[Start of section]

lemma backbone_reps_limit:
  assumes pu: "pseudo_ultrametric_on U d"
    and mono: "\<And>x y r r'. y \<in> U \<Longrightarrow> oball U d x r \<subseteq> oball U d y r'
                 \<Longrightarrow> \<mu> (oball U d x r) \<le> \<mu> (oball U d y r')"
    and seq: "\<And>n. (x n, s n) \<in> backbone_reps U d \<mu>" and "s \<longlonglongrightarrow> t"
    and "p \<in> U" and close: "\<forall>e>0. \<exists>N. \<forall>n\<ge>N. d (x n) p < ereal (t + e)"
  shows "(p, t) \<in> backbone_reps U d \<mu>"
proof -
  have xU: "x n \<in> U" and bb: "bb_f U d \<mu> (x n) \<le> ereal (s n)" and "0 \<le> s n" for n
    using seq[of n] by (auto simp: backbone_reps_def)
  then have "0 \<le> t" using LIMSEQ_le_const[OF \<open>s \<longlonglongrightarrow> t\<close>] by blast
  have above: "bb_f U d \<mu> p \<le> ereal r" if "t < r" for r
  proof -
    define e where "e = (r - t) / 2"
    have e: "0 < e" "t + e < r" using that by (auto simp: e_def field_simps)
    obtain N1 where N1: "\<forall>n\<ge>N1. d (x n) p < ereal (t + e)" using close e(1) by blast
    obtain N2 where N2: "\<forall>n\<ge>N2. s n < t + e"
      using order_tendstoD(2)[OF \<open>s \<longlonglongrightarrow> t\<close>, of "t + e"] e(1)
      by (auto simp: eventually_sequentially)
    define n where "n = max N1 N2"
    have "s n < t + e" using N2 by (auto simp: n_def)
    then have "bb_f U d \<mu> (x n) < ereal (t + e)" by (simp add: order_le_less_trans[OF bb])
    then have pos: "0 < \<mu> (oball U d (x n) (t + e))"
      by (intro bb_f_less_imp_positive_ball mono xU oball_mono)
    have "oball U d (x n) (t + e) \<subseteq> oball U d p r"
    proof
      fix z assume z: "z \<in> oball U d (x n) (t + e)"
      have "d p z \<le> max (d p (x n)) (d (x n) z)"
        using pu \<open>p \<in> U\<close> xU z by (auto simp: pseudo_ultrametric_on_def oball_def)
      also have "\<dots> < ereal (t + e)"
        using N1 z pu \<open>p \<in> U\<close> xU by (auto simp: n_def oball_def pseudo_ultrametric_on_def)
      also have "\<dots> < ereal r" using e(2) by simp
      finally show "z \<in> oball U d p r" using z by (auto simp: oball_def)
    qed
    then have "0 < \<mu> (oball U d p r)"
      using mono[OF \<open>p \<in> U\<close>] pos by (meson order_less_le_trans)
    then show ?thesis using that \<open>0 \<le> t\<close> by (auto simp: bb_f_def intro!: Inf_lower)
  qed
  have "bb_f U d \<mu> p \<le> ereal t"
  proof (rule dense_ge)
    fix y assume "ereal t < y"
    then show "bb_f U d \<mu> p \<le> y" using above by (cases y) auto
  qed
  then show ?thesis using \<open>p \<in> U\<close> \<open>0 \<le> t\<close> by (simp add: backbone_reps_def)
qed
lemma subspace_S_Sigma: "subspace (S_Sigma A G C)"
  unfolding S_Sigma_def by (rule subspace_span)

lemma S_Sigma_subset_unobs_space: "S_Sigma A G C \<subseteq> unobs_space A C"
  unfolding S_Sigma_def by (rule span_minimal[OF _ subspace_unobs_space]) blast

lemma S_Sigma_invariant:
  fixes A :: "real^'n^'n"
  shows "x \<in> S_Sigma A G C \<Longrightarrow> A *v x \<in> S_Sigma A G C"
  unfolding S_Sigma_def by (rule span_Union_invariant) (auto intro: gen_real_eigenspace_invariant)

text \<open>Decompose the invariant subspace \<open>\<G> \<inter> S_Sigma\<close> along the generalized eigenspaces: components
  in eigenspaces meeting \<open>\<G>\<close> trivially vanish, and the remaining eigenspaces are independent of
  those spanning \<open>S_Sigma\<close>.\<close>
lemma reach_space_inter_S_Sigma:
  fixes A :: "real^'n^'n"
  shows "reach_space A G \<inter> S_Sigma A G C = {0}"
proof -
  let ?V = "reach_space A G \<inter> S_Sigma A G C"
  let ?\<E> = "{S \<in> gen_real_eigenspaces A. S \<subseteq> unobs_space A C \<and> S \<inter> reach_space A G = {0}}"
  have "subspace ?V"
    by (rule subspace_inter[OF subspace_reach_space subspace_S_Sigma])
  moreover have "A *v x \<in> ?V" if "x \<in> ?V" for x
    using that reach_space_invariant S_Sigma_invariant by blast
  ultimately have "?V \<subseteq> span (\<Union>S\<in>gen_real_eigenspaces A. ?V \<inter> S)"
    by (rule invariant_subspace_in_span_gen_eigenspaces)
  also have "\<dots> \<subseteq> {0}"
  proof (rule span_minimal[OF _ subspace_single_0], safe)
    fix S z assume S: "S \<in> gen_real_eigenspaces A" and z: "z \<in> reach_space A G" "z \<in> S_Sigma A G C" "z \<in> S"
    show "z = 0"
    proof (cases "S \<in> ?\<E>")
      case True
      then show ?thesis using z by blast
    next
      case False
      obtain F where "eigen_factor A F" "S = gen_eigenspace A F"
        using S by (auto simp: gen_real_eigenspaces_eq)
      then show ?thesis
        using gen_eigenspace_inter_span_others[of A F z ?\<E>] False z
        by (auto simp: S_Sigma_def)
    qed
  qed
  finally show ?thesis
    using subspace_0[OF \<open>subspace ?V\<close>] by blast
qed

[End of section]

=== Problem description ===
Each line in the data that holds the word "False" must be copied.

=== Written solution ===
      case False
        using gen_eigenspace_inter_span_others[of A F z ?\<E>] False z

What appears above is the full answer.